Growing up as an American-born Chinese, I never fully understood the depth or heart of my culture. From getting Chinese New Year red envelopes full of money to watching Jackie Chan’s Kung Fu movies, I had the typical American perspective of life in East Asia.
During my early years, I was sheltered in a mostly white private school. I felt awkward as one of the only ones in my class of 30 girls who had black hair. Struggling with never fitting in, the seven-year-old me picked out the Asian features of my face, wishing my black hair to turn blond and my brown eyes to turn blue.
Instead of embracing my heritage, I threw away the pride of being Chinese starting with my words. I stubbornly
refused to speak my parents’ native tongue, thinking that I would be a certified American if I spoke only English.
It wasn’t until my sixteenth summer that I discovered where I really belonged. My mom suggested I go to Taiwan to visit relatives and improve my Chinese. I resentfully agreed and endured the 16 long hours of flying 3,000 feet above the Pacific Ocean.
Brooding over the fact that the humidity would ruin my hair and my friends were on better vacations in Hawaii or New York, I couldn’t bring myself to consider Taiwan a worthwhile experience. However, after setting foot on the island, I gradually grew to love the scents and flavors of the food, the buzz of the passing mopeds, the hot wind blowing as the subways zoomed past, and the sights of the illuminated skyscrapers and the neighboring temples.
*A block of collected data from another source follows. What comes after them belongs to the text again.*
lemma average_in_bounds:
  fixes g :: "'a \<Rightarrow> real"
  assumes "\<And>x. x \<in> A \<Longrightarrow> g x \<in> {0..c}" and "0 \<le> c"
  shows "sum g A / card A \<in> {0..c}"
proof (cases "card A = 0")
  case False
  have "sum g A \<le> card A * c"
    using sum_bounded_above[of A g c] assms(1) by auto
  moreover have "0 \<le> sum g A"
    using assms(1) by (intro sum_nonneg) auto
  ultimately show ?thesis
    using False by (simp add: divide_le_eq mult.commute)
qed (simp add: assms(2))

lemma dave_in_bounds:
  assumes "0 \<le> c"
    and "\<And>b x. b \<in> arrays q \<Longrightarrow> x \<in> nbhd q k b \<Longrightarrow> distortion q f b x \<le> c"
  shows "dave q k f \<in> {0..c}"
proof -
  have "dave_at q k f b \<in> {0..c}" if "b \<in> arrays q" for b
    unfolding dave_at_def using assms that distortion_nonneg by (intro average_in_bounds) auto
  moreover have "(2 :: real) ^ q = card (arrays q)"
    by (simp add: card_arrays)
  ultimately show ?thesis
    unfolding dave_def using assms(1) by (simp only:) (intro average_in_bounds)
qed

theorem theorem1:
  fixes k :: nat
  assumes "k \<ge> 1"
  shows "(\<lambda>q. dmax q k (fH q)) \<longlonglongrightarrow> 0 \<and> (\<lambda>q. dave q k (fH q)) \<longlonglongrightarrow> 0"
proof -
  define B where "B q = real (k + 1) * (real (q choose (q div 2)) / 2 ^ q)" for q
  have B_tendsto: "B \<longlonglongrightarrow> 0"
    using tendsto_mult_right_zero[OF central_binomial_div_power_tendsto_0, of "real (k + 1)"]
    unfolding B_def by simp
  have "dmax q k (fH q) \<in> {0..B q}" if "q \<ge> 1" for q
    using that assms distortion_fH_le unfolding B_def by (intro dmax_in_bounds) auto
  then have "\<forall>\<^sub>F q in sequentially. dmax q k (fH q) \<in> {0..B q}"
    by (rule eventually_sequentiallyI)
  moreover have "\<forall>\<^sub>F q in sequentially. dave q k (fH q) \<in> {0..B q}"
    using distortion_fH_le unfolding B_def by (intro always_eventually allI dave_in_bounds) auto
  ultimately show ?thesis
    by (intro conjI real_tendsto_sandwich[OF _ _ tendsto_const B_tendsto]; auto elim: eventually_mono)
qed

end
(* Let $n\ge4$ and let $G$ be an almost simple primitive permutation group with socle $G_0$ equal to $\mathrm{PSp}_n(q)$, $\mathrm{PSU}_n(q)$, or $\mathrm{P\Omega}^\epsilon_n(q)$ with $(n,\epsilon)\ne(4,-)$, acting on the set $X$ of all non-degenerate $2$-dimensional subspaces of the natural module $V$, where in the orthogonal case $X$ consists of the non-degenerate $2$-spaces of type $\mathrm{O}_2^+$. Then $\mathrm{diam}(X,G)\ge 3$.
   Context: The natural module carries the non-degenerate alternating, hermitian, or quadratic form preserved by $G_0$; a subspace $W$ is non-degenerate if $W\cap W^\perp=0$. A non-degenerate $2$-space of an orthogonal space is of type $\mathrm{O}_2^+$ if it contains a non-zero singular vector, and of type $\mathrm{O}_2^-$ otherwise. An (undirected) orbital graph of $(X,G)$ has as edge set a single $G$-orbit on unordered $2$-subsets of $X$; $\mathrm{diam}(X,G)$ is the maximum diameter of such graphs. *)

theory Defs
  imports "HOL-Analysis.Determinants" "HOL-Algebra.SimpleGroups" "HOL-Algebra.Generated_Groups"
          "HOL-Algebra.Bij" "HOL-Library.Extended_Nat"
begin

definition field_aut :: "('a::field \<Rightarrow> 'a) \<Rightarrow> bool" where
  "field_aut s \<longleftrightarrow> bij s \<and> (\<forall>x y. s (x + y) = s x + s y \<and> s (x * y) = s x * s y)"

definition linear_map :: "('a::field^'n \<Rightarrow> 'a^'n) \<Rightarrow> bool" where
  "linear_map g \<longleftrightarrow> (\<forall>u v. g (u + v) = g u + g v) \<and> (\<forall>c v. g (c *s v) = c *s g v)"

definition semilinear_with :: "('a::field \<Rightarrow> 'a) \<Rightarrow> ('a^'n \<Rightarrow> 'a^'n) \<Rightarrow> bool" where
  "semilinear_with s g \<longleftrightarrow> field_aut s \<and> bij g \<and>
     (\<forall>u v. g (u + v) = g u + g v) \<and> (\<forall>c v. g (c *s v) = s c *s g v)"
Fascinated by the city life and remarkable culture, I could visualize myself walking through the busy streets as one of them, these people who share my heritage and language.
Now, I sometimes stop by my mom’s room and ask her about my future. As her eyes dart from my hairline to my eyebrows, she looks at my entire face and says in Chinese, “You will be very, very rich!” And I think to myself, Yes, very rich ... in culture.